平成4年3月26日

平成4(1992)年3月26日
歌舞伎座 3階B席 わ‐9

河竹黙阿弥歿後百年記念
黙阿弥祭三月大歌舞伎 夜の部


一.新歌舞伎十八番の内 高時

高時…団十郎 衣笠…松江
安達三郎…友右衛門 秋田入道…団蔵
大仏陸奥守…彦三郎 長崎次郎…十蔵ほか


 高時が天狗に惑わされるところはユニークで
で面白い。例えば、天狗と一緒にラインダンスの
ような踊りをするとか、天狗と向かい合って踊る
とか、手足をつかまれて天狗にぐるぐる回されたり
宙づりされたりするところである。ちょっと
ミュージカルぽくて異質に感じたが楽しく見れた。
 活歴物というが、それがどういうものかはっきり
しないし、芝居自体が暗い。
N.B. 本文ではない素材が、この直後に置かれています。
(* Let $n=|\mathcal A|=|\mathcal T|$ and $W=[w_{ij}]\in\mathbb{R}^{n\times n}$. Define $f(\alpha)=\sum_{i=1}^n f_i(\alpha_i)$ where $\alpha_i\in\mathbb{R}^n$ is the $i$-th row of $\alpha$, $f_i(\alpha_i)=-w_i^{\mathrm T}\alpha_i$ if $\mathbf 1^{\mathrm T}\alpha_i=1$ and $0\le\alpha_i\le 1$, and $f_i(\alpha_i)=+\infty$ otherwise ($w_i$ the $i$-th row of $W$); and let $g(z)=0$ if every column of $z$ sums to $1$ and $g(z)=+\infty$ otherwise. Consider $\min f(\alpha)+g(z)$ subject to $\alpha=z$. Fix $\rho>0$ and $\tau\in(0,1)$, initial $z^0,u^0\in\mathbb{R}^{n\times n}$, and iterate $$\alpha^{k+1}=\arg\min_\alpha f(\alpha)+\tfrac{\rho}{2}\|\alpha-z^k+u^k\|_F^2,$$ $$z^{k+1}=\arg\min_z g(z)+\tfrac{\rho}{2\tau}\big\|z-\big(z^k+\tau(\alpha^{k+1}-z^k+u^k)\big)\big\|_F^2,$$ $$u^{k+1}=u^k+\alpha^{k+1}-z^{k+1}.$$ Then $z^k$ converges to an optimal solution $z^\*$ of the problem (and $\alpha^k-z^k\to 0$).
   Context: $\mathbf 1$ is the all-ones vector; inequalities between vectors are entrywise. The $z$-update is a single projected-gradient (linearized proximal) step on the augmented Lagrangian $\sum_i f_i(\alpha_i)+g(z)+\tfrac{\rho}{2}\|\alpha-z+u\|^2$ in place of the exact ADMM $z$-minimization; $u$ is the scaled dual variable. *)

theory Defs
  imports "HOL-Analysis.Analysis" "HOL-Library.Extended_Real"
begin

text \<open>Matrices in R^{n x n} are modelled as real^'n^'n ('n a finite index type, n = CARD('n)).
  Row i of x is x $ i, entry (i,j) is x $ i $ j. The norm on real^'n^'n is the Frobenius norm.\<close>

definition fi :: "real^'n \<Rightarrow> real^'n \<Rightarrow> ereal" where
  "fi wi ai = (if (\<Sum>j\<in>UNIV. ai $ j) = 1 \<and> (\<forall>j. 0 \<le> ai $ j \<and> ai $ j \<le> 1)
               then ereal (- (wi \<bullet> ai)) else \<infinity>)"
少し眠くなった。
 松江の衣笠が綺麗、友右衛門の安達は正義感
あって格好いい、十蔵の長崎は憎らしく、彦三郎の
大仏はなだめられツンとして去っていく姿がお父さん
似。


二.盲長屋梅加賀鳶
本郷木戸勢揃いから赤門捕物まで

道玄・梅吉…富十郎 松蔵…団十郎 お兼…田之助
加賀鳶…勘九郎辰之助、彦三郎、染五郎、友右衛門、
団蔵、智太郎、松助、右之助、秀調ほか
おせつ…東蔵 おあさ…浩太郎 伊勢屋…吉五郎ほか


 道玄という人物は殺しもするけど、なぜか憎めない。
同じ黙阿弥の河内山にも類似するが、金のために人助け
するわけでない。
 富十郎の道玄はしゃがれた声や、ゆすりのとき、横に
なって駄々をこねたり、ラストは捕り手から図太く逃げる
ところなど面白い。
 相対する団十郎の松蔵は頭という感じで格好いい。道玄
のゆすりで使った文を買うところや伊勢屋にお金を与える
ところは江戸っ子の粋があって感じ良かった。
 田之助のお兼はオバタリアンのごとく図太く、調子の良さ
は面白く見れた。東蔵のおせつはかわいそうな感じ。勘九郎
以下加賀鳶はどこからこんなに役者を集めたと思うくらい。
掛け声など耳に残る。
 道玄のストーリーは陰湿で暗いので、最初ににぎやかな
場面を取り入れての芝居の流れだが、ややとっつきにくく。
 芝居作りや鳶、道玄そして当時の生活感と黙阿弥の作風を
満喫した。


三.連獅子
狂言師右近のちに親獅子の精…勘九郎
狂言師左近のちに子獅子の精…勘太郎
僧…智太郎、浩太郎


 勘九郎親子の「連獅子」、誰もが"待っていました!"という
感覚であろう。自分も小声で「待ってました」とつぶやいた。
客席から大拍手と皆が喜んでいる様子だった。
 踊りはよくわからないが、子を谷に落とし、這い上がる様子は
感じられた。這い上がってきた時の勘九郎の親の微笑む表情は
この方の人柄が出て良かった。獅子になってからは、子獅子を
見守る構えや、国立劇場にある六代目菊五郎の獅子の姿と同じで
勇ましい。勘太郎もかわいらしく、中村屋の安泰を祈った。
 3月上旬に、卒業旅行でフランスに滞在したとき、勘九郎親子
の連獅子写真があって、"ああ、見たいなあ"と募る想いだったので
感無量であった。この黙阿弥祭を興行される際、この親子でやる
かもと予想したくらいである。連獅子開演前は幕が開くまでドキドキ
興奮した。


 2か月にわたって、黙阿弥の演目にふれて、ゆすりなど展開が
パターン化されているが、痛快でおかしく又、綺麗で踊りもあって
バラエティに富んでいる。これからも、いろんな役者で見ていきたい。
「連獅子」は興奮し、「加賀鳶」は粋と道玄の人柄、「高時」の
ミュージカルぽさと様々であった。「髪結新三」が見れなかったのが
悔しい。
 2か月にわたってのベスト3は、「連獅子」、「御所五郎蔵」、
三人吉三」である。


(所感)

 勘九郎親子の「連獅子」は初見とあって、開演前から今か今かと
興奮しながら幕開きを待っていたのを今でも覚えている。
 三代目松緑から譲り受けた富十郎の道玄、新歌舞伎十八番
高時も印象深い。富十郎田之助というコンビもなかなかだ。
 昼はお静礼三、雁金、髪結新三。